** Work instructions **
Among the lines below, restate word for word only those from the line with "using that by (intro" through the line with "using sums[of r] by simp", with both end lines kept.

** Material for this task **
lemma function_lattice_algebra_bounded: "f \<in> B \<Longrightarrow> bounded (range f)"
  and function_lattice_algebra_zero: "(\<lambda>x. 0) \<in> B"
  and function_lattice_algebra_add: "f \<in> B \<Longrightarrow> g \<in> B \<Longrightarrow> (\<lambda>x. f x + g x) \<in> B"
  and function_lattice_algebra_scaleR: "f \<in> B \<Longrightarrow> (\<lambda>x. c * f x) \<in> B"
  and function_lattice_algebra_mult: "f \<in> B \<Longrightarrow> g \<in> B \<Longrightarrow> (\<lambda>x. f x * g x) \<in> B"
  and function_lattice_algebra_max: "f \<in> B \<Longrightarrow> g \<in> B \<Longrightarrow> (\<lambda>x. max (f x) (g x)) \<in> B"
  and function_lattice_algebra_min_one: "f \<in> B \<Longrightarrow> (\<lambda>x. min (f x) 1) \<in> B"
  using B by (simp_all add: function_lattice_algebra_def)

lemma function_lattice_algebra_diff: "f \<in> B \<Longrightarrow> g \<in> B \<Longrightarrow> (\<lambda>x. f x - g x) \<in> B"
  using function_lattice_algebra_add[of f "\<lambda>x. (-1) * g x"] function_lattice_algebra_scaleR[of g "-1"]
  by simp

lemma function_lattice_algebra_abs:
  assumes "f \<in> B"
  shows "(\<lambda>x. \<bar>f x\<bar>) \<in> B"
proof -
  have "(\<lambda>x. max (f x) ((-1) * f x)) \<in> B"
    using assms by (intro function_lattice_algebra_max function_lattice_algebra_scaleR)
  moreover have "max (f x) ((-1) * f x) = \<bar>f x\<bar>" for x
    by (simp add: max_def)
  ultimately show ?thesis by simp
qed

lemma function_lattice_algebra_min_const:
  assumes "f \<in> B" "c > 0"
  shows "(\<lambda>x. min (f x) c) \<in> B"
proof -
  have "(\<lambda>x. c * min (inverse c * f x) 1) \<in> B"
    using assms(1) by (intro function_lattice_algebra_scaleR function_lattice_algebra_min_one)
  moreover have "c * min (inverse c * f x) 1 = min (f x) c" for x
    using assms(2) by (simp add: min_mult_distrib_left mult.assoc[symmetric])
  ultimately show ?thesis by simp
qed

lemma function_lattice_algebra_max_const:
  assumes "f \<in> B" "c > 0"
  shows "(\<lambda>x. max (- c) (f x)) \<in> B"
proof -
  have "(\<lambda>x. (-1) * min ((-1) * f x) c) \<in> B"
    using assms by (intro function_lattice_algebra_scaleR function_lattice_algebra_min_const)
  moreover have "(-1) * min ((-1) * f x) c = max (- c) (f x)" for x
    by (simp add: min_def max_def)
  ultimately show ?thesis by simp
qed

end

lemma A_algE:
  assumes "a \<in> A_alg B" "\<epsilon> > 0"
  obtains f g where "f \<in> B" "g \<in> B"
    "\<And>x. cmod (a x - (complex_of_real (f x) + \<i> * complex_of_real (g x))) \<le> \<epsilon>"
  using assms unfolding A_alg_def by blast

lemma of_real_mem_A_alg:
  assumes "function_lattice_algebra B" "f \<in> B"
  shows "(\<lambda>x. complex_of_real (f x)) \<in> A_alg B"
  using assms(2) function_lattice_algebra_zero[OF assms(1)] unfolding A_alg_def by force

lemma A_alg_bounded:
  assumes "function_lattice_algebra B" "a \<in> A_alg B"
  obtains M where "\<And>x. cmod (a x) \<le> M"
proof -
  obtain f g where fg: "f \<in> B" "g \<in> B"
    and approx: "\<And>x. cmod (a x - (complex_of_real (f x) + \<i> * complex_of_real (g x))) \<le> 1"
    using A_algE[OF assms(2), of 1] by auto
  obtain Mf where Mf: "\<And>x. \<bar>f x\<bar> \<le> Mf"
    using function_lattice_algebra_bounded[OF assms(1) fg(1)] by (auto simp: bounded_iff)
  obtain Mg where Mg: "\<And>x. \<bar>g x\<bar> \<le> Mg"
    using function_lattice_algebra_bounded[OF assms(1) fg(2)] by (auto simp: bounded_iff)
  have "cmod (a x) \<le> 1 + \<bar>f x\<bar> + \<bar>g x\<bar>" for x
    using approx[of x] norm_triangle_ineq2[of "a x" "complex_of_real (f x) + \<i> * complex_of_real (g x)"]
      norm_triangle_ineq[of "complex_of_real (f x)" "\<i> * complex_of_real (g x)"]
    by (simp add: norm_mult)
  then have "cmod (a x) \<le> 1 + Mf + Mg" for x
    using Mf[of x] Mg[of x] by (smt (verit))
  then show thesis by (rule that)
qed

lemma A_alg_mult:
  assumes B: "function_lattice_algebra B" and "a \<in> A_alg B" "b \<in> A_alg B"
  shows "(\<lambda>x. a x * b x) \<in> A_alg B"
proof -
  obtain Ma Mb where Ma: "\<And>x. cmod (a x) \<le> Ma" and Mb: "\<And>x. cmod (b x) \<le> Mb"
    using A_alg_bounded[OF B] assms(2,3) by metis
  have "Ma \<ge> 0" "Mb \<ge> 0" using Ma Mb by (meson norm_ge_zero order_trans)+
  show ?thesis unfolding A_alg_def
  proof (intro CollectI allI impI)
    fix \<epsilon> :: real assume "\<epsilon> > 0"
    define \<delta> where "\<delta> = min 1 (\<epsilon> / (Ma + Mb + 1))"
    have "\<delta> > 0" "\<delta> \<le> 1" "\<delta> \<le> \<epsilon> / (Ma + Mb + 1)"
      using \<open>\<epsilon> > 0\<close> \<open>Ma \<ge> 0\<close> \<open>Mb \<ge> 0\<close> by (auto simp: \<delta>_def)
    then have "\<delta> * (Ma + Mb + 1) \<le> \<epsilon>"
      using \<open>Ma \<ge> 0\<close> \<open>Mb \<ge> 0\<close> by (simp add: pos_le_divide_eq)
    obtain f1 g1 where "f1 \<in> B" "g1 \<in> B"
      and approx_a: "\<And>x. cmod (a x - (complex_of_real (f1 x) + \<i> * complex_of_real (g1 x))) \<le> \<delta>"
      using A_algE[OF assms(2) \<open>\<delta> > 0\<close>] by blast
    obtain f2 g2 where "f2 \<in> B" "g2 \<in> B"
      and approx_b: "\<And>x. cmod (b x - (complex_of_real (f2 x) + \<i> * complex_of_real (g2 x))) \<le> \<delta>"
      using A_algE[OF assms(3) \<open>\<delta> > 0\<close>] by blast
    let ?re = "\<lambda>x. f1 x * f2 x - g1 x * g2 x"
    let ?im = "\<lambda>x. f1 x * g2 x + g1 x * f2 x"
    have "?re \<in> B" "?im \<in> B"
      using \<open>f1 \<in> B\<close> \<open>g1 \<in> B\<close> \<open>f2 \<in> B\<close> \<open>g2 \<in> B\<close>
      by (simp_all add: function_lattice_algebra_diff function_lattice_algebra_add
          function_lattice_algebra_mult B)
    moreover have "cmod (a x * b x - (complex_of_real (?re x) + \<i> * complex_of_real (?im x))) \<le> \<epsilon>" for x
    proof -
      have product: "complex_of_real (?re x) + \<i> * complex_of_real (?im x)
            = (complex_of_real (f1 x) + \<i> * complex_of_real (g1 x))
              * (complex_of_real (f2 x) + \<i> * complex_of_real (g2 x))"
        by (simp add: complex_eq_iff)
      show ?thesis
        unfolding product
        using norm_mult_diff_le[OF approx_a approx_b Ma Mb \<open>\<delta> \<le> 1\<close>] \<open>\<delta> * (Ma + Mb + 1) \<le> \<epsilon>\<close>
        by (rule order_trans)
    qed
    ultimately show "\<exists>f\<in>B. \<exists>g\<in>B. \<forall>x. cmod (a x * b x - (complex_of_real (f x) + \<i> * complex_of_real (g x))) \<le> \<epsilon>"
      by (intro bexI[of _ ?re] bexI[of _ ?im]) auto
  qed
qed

==

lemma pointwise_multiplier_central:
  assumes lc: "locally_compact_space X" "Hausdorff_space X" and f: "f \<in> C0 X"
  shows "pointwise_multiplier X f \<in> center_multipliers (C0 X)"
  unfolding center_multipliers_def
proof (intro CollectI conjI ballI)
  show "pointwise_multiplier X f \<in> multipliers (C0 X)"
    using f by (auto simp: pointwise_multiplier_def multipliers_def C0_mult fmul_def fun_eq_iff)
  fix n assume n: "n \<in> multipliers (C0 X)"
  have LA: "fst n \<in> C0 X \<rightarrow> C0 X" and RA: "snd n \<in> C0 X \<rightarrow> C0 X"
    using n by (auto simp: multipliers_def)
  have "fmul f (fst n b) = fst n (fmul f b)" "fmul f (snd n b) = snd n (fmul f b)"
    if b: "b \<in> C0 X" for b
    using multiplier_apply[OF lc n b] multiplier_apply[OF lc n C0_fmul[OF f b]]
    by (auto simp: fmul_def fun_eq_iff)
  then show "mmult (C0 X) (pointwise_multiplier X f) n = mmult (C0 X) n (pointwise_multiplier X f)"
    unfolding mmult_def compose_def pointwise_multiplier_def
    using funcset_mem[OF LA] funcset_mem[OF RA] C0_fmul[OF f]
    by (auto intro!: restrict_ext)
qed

--

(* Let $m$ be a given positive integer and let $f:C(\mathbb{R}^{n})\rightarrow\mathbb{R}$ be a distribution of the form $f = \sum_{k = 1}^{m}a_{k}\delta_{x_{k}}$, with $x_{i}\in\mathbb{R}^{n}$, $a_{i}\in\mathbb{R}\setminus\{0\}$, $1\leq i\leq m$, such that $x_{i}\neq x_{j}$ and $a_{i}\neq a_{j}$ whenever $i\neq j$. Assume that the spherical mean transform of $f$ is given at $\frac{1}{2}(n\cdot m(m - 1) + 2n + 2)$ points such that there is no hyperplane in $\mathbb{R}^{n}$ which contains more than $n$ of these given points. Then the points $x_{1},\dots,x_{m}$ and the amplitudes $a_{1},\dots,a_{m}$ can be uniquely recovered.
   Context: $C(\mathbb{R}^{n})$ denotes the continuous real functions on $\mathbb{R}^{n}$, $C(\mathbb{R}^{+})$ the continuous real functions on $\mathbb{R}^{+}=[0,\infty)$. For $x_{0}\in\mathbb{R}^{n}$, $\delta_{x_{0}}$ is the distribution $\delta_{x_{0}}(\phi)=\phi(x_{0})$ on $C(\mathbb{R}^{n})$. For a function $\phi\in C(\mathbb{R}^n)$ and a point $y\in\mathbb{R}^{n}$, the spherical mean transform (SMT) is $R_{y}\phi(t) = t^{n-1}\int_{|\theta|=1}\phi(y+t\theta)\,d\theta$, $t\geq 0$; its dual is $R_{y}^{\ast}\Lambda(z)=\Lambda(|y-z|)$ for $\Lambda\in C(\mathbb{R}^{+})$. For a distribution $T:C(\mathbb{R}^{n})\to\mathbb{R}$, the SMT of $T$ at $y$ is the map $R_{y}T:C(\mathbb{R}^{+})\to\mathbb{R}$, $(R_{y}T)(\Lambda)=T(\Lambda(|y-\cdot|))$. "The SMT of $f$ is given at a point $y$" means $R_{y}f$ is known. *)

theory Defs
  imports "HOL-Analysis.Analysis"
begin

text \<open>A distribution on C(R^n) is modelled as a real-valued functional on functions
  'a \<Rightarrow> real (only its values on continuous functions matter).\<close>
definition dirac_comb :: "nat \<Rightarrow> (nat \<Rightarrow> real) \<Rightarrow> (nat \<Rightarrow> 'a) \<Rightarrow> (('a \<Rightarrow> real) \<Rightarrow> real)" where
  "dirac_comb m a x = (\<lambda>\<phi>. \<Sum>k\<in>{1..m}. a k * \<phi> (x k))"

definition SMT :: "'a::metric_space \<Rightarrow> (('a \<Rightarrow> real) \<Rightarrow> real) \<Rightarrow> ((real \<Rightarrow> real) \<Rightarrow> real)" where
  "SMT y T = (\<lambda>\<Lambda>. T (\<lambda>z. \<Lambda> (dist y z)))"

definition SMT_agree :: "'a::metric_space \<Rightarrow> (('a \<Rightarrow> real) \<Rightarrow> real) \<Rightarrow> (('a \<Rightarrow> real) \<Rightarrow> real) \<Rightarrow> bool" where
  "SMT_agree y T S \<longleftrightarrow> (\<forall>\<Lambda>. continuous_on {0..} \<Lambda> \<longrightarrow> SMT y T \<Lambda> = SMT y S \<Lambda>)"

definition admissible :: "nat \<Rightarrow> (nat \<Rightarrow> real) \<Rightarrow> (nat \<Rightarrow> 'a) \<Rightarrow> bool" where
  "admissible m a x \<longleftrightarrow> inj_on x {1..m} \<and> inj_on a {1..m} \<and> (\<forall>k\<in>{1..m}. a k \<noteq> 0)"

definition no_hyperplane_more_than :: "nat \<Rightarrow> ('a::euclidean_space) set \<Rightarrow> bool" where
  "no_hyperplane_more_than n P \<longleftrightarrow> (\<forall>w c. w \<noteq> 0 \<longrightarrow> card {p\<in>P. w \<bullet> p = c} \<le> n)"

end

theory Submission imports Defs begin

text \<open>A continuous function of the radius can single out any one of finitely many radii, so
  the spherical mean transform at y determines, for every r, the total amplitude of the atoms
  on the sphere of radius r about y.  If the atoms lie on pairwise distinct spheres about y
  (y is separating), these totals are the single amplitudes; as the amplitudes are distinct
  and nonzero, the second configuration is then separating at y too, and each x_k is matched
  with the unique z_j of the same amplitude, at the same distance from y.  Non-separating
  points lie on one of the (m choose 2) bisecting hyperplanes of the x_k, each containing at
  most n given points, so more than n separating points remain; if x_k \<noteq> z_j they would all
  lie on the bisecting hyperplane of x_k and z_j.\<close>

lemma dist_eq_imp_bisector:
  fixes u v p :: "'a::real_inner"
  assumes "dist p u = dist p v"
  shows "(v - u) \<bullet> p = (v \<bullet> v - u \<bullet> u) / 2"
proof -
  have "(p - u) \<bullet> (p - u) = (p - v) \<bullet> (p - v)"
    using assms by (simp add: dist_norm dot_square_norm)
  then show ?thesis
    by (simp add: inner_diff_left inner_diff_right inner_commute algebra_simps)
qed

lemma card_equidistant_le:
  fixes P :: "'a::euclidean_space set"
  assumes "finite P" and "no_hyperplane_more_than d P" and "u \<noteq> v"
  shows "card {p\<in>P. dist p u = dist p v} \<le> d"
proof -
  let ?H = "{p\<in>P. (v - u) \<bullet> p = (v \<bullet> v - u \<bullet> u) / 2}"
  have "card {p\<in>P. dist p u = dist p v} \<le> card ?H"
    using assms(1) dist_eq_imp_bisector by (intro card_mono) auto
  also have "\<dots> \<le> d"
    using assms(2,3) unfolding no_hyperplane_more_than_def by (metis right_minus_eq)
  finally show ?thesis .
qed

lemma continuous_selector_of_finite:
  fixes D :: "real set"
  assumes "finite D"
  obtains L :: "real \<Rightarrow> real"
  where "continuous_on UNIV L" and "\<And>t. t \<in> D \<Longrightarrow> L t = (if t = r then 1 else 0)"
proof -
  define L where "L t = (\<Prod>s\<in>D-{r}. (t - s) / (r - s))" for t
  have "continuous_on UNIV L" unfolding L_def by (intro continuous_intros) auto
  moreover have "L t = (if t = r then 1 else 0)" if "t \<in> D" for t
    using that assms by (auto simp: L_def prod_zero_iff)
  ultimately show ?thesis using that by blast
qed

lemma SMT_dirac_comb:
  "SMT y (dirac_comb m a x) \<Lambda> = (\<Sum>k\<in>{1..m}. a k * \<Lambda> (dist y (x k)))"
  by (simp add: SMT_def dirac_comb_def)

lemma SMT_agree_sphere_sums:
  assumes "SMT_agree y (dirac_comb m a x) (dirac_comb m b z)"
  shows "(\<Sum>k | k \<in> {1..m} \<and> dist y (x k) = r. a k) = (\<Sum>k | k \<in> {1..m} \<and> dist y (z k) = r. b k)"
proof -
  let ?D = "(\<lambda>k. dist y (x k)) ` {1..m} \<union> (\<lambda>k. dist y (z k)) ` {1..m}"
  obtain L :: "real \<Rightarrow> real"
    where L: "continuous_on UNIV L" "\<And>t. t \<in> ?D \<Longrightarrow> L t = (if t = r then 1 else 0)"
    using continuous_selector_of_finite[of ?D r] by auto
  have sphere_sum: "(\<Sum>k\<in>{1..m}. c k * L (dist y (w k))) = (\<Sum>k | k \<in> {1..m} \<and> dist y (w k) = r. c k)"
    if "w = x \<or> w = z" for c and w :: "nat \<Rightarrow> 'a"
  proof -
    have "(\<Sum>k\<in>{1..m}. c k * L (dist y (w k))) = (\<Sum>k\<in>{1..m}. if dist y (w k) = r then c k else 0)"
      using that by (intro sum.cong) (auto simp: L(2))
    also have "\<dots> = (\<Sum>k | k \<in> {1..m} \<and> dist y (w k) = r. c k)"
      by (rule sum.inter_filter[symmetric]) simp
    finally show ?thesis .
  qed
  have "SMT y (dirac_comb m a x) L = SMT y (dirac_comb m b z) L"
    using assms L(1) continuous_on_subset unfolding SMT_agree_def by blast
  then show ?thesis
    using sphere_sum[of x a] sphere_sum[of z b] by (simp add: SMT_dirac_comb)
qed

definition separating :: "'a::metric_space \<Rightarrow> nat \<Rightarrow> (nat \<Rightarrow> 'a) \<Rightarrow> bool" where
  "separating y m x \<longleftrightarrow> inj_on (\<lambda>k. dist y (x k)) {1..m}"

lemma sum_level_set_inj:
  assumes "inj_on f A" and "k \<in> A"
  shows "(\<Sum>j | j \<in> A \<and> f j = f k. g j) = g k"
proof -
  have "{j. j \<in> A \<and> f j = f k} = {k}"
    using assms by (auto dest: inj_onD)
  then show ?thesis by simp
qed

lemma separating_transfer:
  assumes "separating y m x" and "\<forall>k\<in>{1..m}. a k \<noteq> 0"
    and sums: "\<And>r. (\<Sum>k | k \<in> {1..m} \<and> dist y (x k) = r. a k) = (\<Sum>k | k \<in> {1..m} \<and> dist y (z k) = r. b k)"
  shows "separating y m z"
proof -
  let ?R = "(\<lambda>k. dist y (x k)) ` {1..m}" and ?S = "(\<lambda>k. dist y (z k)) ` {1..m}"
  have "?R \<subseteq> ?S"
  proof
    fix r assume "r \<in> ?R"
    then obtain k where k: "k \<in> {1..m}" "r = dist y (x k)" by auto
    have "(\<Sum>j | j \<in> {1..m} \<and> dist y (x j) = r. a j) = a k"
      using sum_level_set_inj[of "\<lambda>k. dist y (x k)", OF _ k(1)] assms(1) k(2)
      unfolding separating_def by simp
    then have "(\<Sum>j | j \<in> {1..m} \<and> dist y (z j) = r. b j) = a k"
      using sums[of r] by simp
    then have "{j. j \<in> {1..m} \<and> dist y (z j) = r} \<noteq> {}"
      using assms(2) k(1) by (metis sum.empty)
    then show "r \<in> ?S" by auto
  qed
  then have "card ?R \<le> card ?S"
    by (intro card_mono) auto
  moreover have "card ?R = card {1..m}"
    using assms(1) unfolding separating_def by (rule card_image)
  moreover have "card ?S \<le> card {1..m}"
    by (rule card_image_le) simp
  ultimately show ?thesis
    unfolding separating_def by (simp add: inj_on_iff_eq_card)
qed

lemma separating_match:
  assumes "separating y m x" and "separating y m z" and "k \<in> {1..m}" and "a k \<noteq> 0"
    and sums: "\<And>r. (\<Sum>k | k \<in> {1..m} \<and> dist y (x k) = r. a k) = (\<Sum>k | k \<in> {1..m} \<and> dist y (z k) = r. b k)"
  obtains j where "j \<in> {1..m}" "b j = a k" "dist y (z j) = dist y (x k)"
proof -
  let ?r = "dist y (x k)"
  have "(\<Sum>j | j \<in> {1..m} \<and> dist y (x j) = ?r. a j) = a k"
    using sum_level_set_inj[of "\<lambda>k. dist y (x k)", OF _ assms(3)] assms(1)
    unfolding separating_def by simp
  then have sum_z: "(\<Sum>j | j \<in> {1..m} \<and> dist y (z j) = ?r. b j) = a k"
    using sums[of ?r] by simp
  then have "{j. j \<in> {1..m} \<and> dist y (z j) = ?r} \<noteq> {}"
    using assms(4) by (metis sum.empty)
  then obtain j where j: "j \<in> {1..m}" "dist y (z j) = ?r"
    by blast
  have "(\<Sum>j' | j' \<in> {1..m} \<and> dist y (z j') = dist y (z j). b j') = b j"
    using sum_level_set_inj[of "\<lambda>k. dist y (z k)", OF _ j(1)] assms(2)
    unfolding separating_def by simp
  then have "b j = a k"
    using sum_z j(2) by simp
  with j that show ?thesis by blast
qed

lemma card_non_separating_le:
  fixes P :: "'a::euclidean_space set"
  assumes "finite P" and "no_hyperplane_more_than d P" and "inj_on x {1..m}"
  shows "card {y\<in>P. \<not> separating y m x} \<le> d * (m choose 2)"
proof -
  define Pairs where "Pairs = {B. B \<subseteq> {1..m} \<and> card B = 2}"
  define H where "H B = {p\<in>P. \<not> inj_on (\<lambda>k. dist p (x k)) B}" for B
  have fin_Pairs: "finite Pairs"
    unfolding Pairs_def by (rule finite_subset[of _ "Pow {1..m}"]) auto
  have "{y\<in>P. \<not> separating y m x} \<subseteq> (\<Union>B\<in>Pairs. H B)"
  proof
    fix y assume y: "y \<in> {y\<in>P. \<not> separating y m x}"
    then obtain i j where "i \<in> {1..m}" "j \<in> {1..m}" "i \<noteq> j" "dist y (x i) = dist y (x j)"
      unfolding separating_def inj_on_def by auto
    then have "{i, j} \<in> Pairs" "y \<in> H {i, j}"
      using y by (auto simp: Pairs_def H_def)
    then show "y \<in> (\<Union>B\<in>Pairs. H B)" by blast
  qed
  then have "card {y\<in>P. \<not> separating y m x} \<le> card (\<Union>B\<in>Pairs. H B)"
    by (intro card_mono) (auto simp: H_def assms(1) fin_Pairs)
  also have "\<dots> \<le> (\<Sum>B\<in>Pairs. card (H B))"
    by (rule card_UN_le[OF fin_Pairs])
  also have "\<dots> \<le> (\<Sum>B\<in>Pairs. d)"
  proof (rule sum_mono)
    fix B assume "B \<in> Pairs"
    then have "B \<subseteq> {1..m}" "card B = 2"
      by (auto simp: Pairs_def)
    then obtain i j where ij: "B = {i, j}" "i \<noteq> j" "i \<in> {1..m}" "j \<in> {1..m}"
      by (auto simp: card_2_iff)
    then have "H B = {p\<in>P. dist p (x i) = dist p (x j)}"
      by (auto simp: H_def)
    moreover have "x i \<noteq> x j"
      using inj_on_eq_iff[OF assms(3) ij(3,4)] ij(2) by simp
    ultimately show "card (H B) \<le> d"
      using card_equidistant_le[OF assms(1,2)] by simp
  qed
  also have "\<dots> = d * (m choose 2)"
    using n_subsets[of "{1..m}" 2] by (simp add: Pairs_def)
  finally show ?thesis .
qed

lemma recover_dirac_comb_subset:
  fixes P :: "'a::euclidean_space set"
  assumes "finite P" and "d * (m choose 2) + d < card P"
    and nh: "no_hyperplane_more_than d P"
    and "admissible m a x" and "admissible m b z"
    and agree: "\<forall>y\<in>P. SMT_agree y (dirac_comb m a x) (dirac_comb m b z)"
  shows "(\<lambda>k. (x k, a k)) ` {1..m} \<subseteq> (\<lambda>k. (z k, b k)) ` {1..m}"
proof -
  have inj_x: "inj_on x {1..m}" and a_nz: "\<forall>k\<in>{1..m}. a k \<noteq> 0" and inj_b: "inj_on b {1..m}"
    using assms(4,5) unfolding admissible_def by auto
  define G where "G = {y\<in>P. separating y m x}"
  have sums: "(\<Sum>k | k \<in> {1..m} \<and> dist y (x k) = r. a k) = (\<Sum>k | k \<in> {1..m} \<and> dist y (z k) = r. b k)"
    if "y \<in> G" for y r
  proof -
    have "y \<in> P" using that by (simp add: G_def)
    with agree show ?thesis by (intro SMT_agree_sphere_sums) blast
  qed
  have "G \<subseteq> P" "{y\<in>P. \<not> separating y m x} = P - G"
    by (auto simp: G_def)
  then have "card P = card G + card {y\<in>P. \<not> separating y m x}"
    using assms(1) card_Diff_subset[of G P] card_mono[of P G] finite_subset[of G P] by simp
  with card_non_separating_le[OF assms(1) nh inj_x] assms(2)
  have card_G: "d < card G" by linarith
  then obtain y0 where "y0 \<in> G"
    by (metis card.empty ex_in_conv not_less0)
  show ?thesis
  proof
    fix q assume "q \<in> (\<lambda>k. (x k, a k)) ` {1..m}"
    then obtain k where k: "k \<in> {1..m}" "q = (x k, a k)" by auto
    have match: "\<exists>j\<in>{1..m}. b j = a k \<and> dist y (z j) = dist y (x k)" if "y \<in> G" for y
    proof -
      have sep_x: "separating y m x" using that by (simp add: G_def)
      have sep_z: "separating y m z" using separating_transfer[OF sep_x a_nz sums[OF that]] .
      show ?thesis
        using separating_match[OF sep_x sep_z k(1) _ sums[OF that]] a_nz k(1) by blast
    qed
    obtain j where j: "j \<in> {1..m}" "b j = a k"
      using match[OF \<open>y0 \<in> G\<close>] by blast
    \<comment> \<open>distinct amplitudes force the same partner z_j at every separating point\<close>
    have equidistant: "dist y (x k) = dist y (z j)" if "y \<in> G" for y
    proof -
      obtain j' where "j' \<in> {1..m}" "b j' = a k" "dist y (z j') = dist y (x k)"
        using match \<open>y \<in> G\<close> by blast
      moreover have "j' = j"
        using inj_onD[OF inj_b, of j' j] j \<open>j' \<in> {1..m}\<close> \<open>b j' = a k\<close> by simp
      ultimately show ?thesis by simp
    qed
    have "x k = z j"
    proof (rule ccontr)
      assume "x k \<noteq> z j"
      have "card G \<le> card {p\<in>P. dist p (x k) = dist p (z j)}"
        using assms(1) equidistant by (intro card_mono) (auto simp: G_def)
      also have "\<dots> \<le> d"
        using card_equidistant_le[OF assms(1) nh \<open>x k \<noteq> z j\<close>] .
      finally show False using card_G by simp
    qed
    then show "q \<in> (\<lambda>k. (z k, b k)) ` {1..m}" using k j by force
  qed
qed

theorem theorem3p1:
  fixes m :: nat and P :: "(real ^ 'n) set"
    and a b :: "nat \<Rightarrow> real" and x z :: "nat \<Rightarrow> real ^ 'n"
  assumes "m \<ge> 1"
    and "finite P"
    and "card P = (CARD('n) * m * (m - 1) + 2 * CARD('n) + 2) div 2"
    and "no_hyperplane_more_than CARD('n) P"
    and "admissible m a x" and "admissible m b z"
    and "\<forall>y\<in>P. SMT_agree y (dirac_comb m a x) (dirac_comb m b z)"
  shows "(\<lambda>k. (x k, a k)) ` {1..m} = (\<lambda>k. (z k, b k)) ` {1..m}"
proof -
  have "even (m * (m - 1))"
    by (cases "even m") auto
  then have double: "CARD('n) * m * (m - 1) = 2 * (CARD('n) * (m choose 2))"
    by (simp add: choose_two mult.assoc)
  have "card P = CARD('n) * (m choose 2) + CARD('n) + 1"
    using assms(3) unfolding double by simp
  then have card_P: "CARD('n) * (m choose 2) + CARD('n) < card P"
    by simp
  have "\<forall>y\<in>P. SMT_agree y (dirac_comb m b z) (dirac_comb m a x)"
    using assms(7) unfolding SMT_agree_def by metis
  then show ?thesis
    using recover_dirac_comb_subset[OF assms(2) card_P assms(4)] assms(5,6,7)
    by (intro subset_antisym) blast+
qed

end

** Solution **
      using that by (intro sum.cong) (auto simp: L(2))
    also have "\<dots> = (\<Sum>k | k \<in> {1..m} \<and> dist y (w k) = r. c k)"
      by (rule sum.inter_filter[symmetric]) simp
    finally show ?thesis .
  qed
  have "SMT y (dirac_comb m a x) L = SMT y (dirac_comb m b z) L"
    using assms L(1) continuous_on_subset unfolding SMT_agree_def by blast
  then show ?thesis
    using sphere_sum[of x a] sphere_sum[of z b] by (simp add: SMT_dirac_comb)
qed

definition separating :: "'a::metric_space \<Rightarrow> nat \<Rightarrow> (nat \<Rightarrow> 'a) \<Rightarrow> bool" where
  "separating y m x \<longleftrightarrow> inj_on (\<lambda>k. dist y (x k)) {1..m}"

lemma sum_level_set_inj:
  assumes "inj_on f A" and "k \<in> A"
  shows "(\<Sum>j | j \<in> A \<and> f j = f k. g j) = g k"
proof -
  have "{j. j \<in> A \<and> f j = f k} = {k}"
    using assms by (auto dest: inj_onD)
  then show ?thesis by simp
qed

lemma separating_transfer:
  assumes "separating y m x" and "\<forall>k\<in>{1..m}. a k \<noteq> 0"
    and sums: "\<And>r. (\<Sum>k | k \<in> {1..m} \<and> dist y (x k) = r. a k) = (\<Sum>k | k \<in> {1..m} \<and> dist y (z k) = r. b k)"
  shows "separating y m z"
proof -
  let ?R = "(\<lambda>k. dist y (x k)) ` {1..m}" and ?S = "(\<lambda>k. dist y (z k)) ` {1..m}"
  have "?R \<subseteq> ?S"
  proof
    fix r assume "r \<in> ?R"
    then obtain k where k: "k \<in> {1..m}" "r = dist y (x k)" by auto
    have "(\<Sum>j | j \<in> {1..m} \<and> dist y (x j) = r. a j) = a k"
      using sum_level_set_inj[of "\<lambda>k. dist y (x k)", OF _ k(1)] assms(1) k(2)
      unfolding separating_def by simp
    then have "(\<Sum>j | j \<in> {1..m} \<and> dist y (z j) = r. b j) = a k"
      using sums[of r] by simp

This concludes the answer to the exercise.